WeeklyWorker

10.10.1996

Arbitrary ages

Recent articles and letters in the Weekly Worker on the arbitrary nature of ‘ages of consent’ brought to mind an incident which occurred while I was in Boston, USA earlier this year. The ‘Just say no’ bandwagon has been rolling there quite some time. The campaign to stop under-age drinking had reached fever pitch.

A teenage birthday party was in full swing - the parents were present. The ‘grown-ups’ were allowed to drink, but not the teenagers. Despite the best efforts of the oldies to keep the naughty teenagers away from the bar, they were still managing to get cans. The spirits had been locked up.

One of the youths, at 2am in the morning and quite drunk, decides to get in his car and drive home. He hits a tree and is killed. The local press has a field day - “Killed by under-age drinking!” and “Let this be a lesson to all you young people”, etc. Worse, the family of the dead youth then press for charges of murder against the parents of the boy whose party it was. They were aiding and abetting under-age drinking, and had contributed to or caused the death of the lad. In every way they were branded as abusers and perverts.

The boy was 19, as were his mates - the youngest were 18. You have to be 21 in theory to drink in this state. That the death is tragic is undoubtedly true, but the hysteria and witch hunting about ‘under-age’ was clearly demonstrated, since of course you can drink in Britain quite legally at 18.

I say theoretically you can drink at 21 - in reality it’s not as easy as that. We went to the Cheers pub and, dodging the crowds, I got to the bar first and asked for a round of drinks. “Who is it for?” Well, for me. “Yes, but who else is it for? I need to see them,” the barperson explained. OK, I say, that’s my party over there.  Looking them over, she then says: “Do you have ID?” (the youngest person in the party is 23). No. “Are you all over 30?” she then asked to my amazement. If you cannot prove you are 21, you have to look over 30.

It got worse in the supermarket. My son-in-law had dragged a huge pile of cans to the check-out. He is 26, but no ID in the supermarket means you have to look 40 before they’ll serve you.

The point is: it just goes to show how stupid these ‘ages of consent’ laws are. In more enlightened times a legal committee was set up to consider lowering the age of consent to 14. Lord Denning commented that whatever it was, it should be more than 54 because he was 54. All these people going on about who is old enough to have sex or drink make sure they are past the barrier themselves.

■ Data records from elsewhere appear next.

lemma small_delay_bounds:
  assumes T: "T > 0" "(\<bar>a\<bar> + U) * T \<le> 1 / 2" and U: "U \<ge> 0"
  shows "\<bar>a\<bar> * T < 1" "U < k_u a T" "\<And>k. a < k \<Longrightarrow> k \<le> U \<Longrightarrow> \<bar>k\<bar> * T \<le> 1 / 2"
proof -
  have "0 \<le> U * T" "0 \<le> \<bar>a\<bar> * T" "\<bar>a\<bar> * T + U * T \<le> 1 / 2"
    using T U by (auto simp: distrib_right)
  then have aT: "\<bar>a\<bar> * T < 1" and "U * T < 1" by linarith+
  show "\<bar>a\<bar> * T < 1" by (rule aT)
  have "U < 1 / T" using \<open>U * T < 1\<close> T by (simp add: less_divide_eq)
  then show "U < k_u a T" using k_u_ge[OF T(1) aT] by linarith
  fix k assume "a < k" "k \<le> U"
  then have "\<bar>k\<bar> \<le> \<bar>a\<bar> + U" using U by auto
  then show "\<bar>k\<bar> * T \<le> 1 / 2" using T by (meson mult_right_mono less_imp_le order.trans)
qed

definition localizing_window :: "real \<Rightarrow> real \<Rightarrow> real \<Rightarrow> real \<Rightarrow> real \<Rightarrow> bool" where
  "localizing_window a r T L U \<longleftrightarrow> 0 < T \<and> (\<bar>a\<bar> + U) * T \<le> 1 / 2
     \<and> continuous_on {L..U} (J_T a r T)
     \<and> (\<forall>k\<in>{a<..<k_u a T}. J_T a r T k \<le> J_T a r T (kopt0 a r) \<longrightarrow> k \<in> {L..U})"

lemma eventually_localizing_window:
  assumes r: "r > 0"
  obtains L U where "a < L" "L \<le> kopt0 a r" "kopt0 a r \<le> U"
    and "\<forall>\<^sub>F T in at_right 0. localizing_window a r T L U"
proof -
  let ?k0 = "kopt0 a r"
  define C where "C = 4 * J0 a r ?k0"
  define L where "L = a + pi / (36 * C)"
  define U where "U = \<bar>a\<bar> + 2 * (36 * C) / (pi * r)"
  have C: "C > 0" using J0_pos kopt0_gt r by (simp add: C_def)
  then have "a < L" "U \<ge> 0" using r by (simp_all add: L_def U_def)
  have "J0 a r ?k0 \<le> 36 * C" using C by (simp add: C_def)
  then have k0: "?k0 \<in> {L..U}"
    unfolding L_def U_def atLeastAtMost_iff by (intro conjI J0_sublevel[OF r kopt0_gt[OF r, of a]])
  have window: "localizing_window a r T L U" if T: "0 < T" "(\<bar>a\<bar> + U) * T \<le> 1 / 2" for T
    unfolding localizing_window_def
  proof (intro conjI ballI impI T)
    note small_delay = small_delay_bounds[OF T \<open>U \<ge> 0\<close>]
    show "continuous_on {L..U} (J_T a r T)"
      using T \<open>a < L\<close> small_delay(3) by (intro continuous_on_J_T) auto
    fix k assume k: "k \<in> {a<..<k_u a T}" "J_T a r T k \<le> J_T a r T ?k0"
    have "J_T a r T k \<le> C"
      using k(2) J_T_le_4_J0[of T a ?k0 r] T small_delay(3)[of ?k0] k0 kopt0_gt[OF r] r
      by (simp add: C_def)
    then show "k \<in> {L..U}" using J_T_sublevel[OF r T(1) small_delay(1)] k by (auto simp: L_def U_def)
  qed
  have "\<forall>\<^sub>F T in at_right 0. (\<bar>a\<bar> + U) * T < 1 / 2"
    by (rule order_tendstoD(2)[of _ 0]) (auto intro!: tendsto_eq_intros)
  with eventually_at_right_less[of 0]
  have "\<forall>\<^sub>F T in at_right 0. localizing_window a r T L U"
    by eventually_elim (auto intro: window)
  with \<open>a < L\<close> k0 show thesis by (intro that) auto
qed

lemma tendsto_kopt0_if_J0_tendsto:
  assumes r: "r > 0" and ev: "\<forall>\<^sub>F x in F. a < k x \<and> k x \<le> U"
    and lim: "((\<lambda>x. J0 a r (k x)) \<longlongrightarrow> J0 a r (kopt0 a r)) F"
  shows "(k \<longlongrightarrow> kopt0 a r) F"
proof -
  let ?k0 = "kopt0 a r"
  have upper_lim: "((\<lambda>x. (J0 a r (k x) - J0 a r ?k0) * ((U - a) / (pi * r))) \<longlongrightarrow> 0) F"
    using tendsto_mult_left_zero[OF LIM_zero[OF lim]] .
  have upper: "\<forall>\<^sub>F x in F. (k x - ?k0)\<^sup>2 \<le> (J0 a r (k x) - J0 a r ?k0) * ((U - a) / (pi * r))"
    using ev
  proof eventually_elim
    case (elim x)
    then have "(J0 a r (k x) - J0 a r ?k0) * ((k x - a) / (pi * r))
        = pi * r * (k x - ?k0)\<^sup>2 / (k x - a) * ((k x - a) / (pi * r))"
      by (simp only: J0_minus_J0_kopt0[OF r])
    also have "\<dots> = (k x - ?k0)\<^sup>2" using elim r by simp
    finally have "(k x - ?k0)\<^sup>2 = (J0 a r (k x) - J0 a r ?k0) * ((k x - a) / (pi * r))" ..
    also have "\<dots> \<le> (J0 a r (k x) - J0 a r ?k0) * ((U - a) / (pi * r))"
      using elim J0_kopt0_le[OF r, of a "k x"] r by (intro mult_left_mono divide_right_mono) auto
    finally show ?case .
  qed
  have "((\<lambda>x. (k x - ?k0)\<^sup>2) \<longlongrightarrow> 0) F"
    by (rule tendsto_sandwich[OF _ upper tendsto_const upper_lim]) simp
  then show ?thesis by (simp add: LIM_zero_iff)
qed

I always find they are counterproductive anyway. I was 14 when I started going to boozers, because I wanted to be grown up - most teenagers do the same here. But in Holland where you can drink at 14, the kids do not generally - and at discos more often than not, you see them drinking Coke or Fanta, because drinking alcohol is no big deal. I guess the same might be true of sex. In Holland, the age of consent is 12: about 10% of people between the age of 11 and 15 engage in it. Here the age is 16: about 23% of people in the same age group engage in it. Most parts of the USA it is 18 or 21: about 34% of people in that age group engage in it. There must be something in the human make-up that says, ‘If someone tells me I cannot do it, I’m damn well going to show you I can’.

Of course, it could be as the old Yorkshire saying goes - ‘If god made owt better he kept it for himself’ - and, that being the case, it is highly unlikely anyone is just going to keep sitting on it once they knew what it’s for.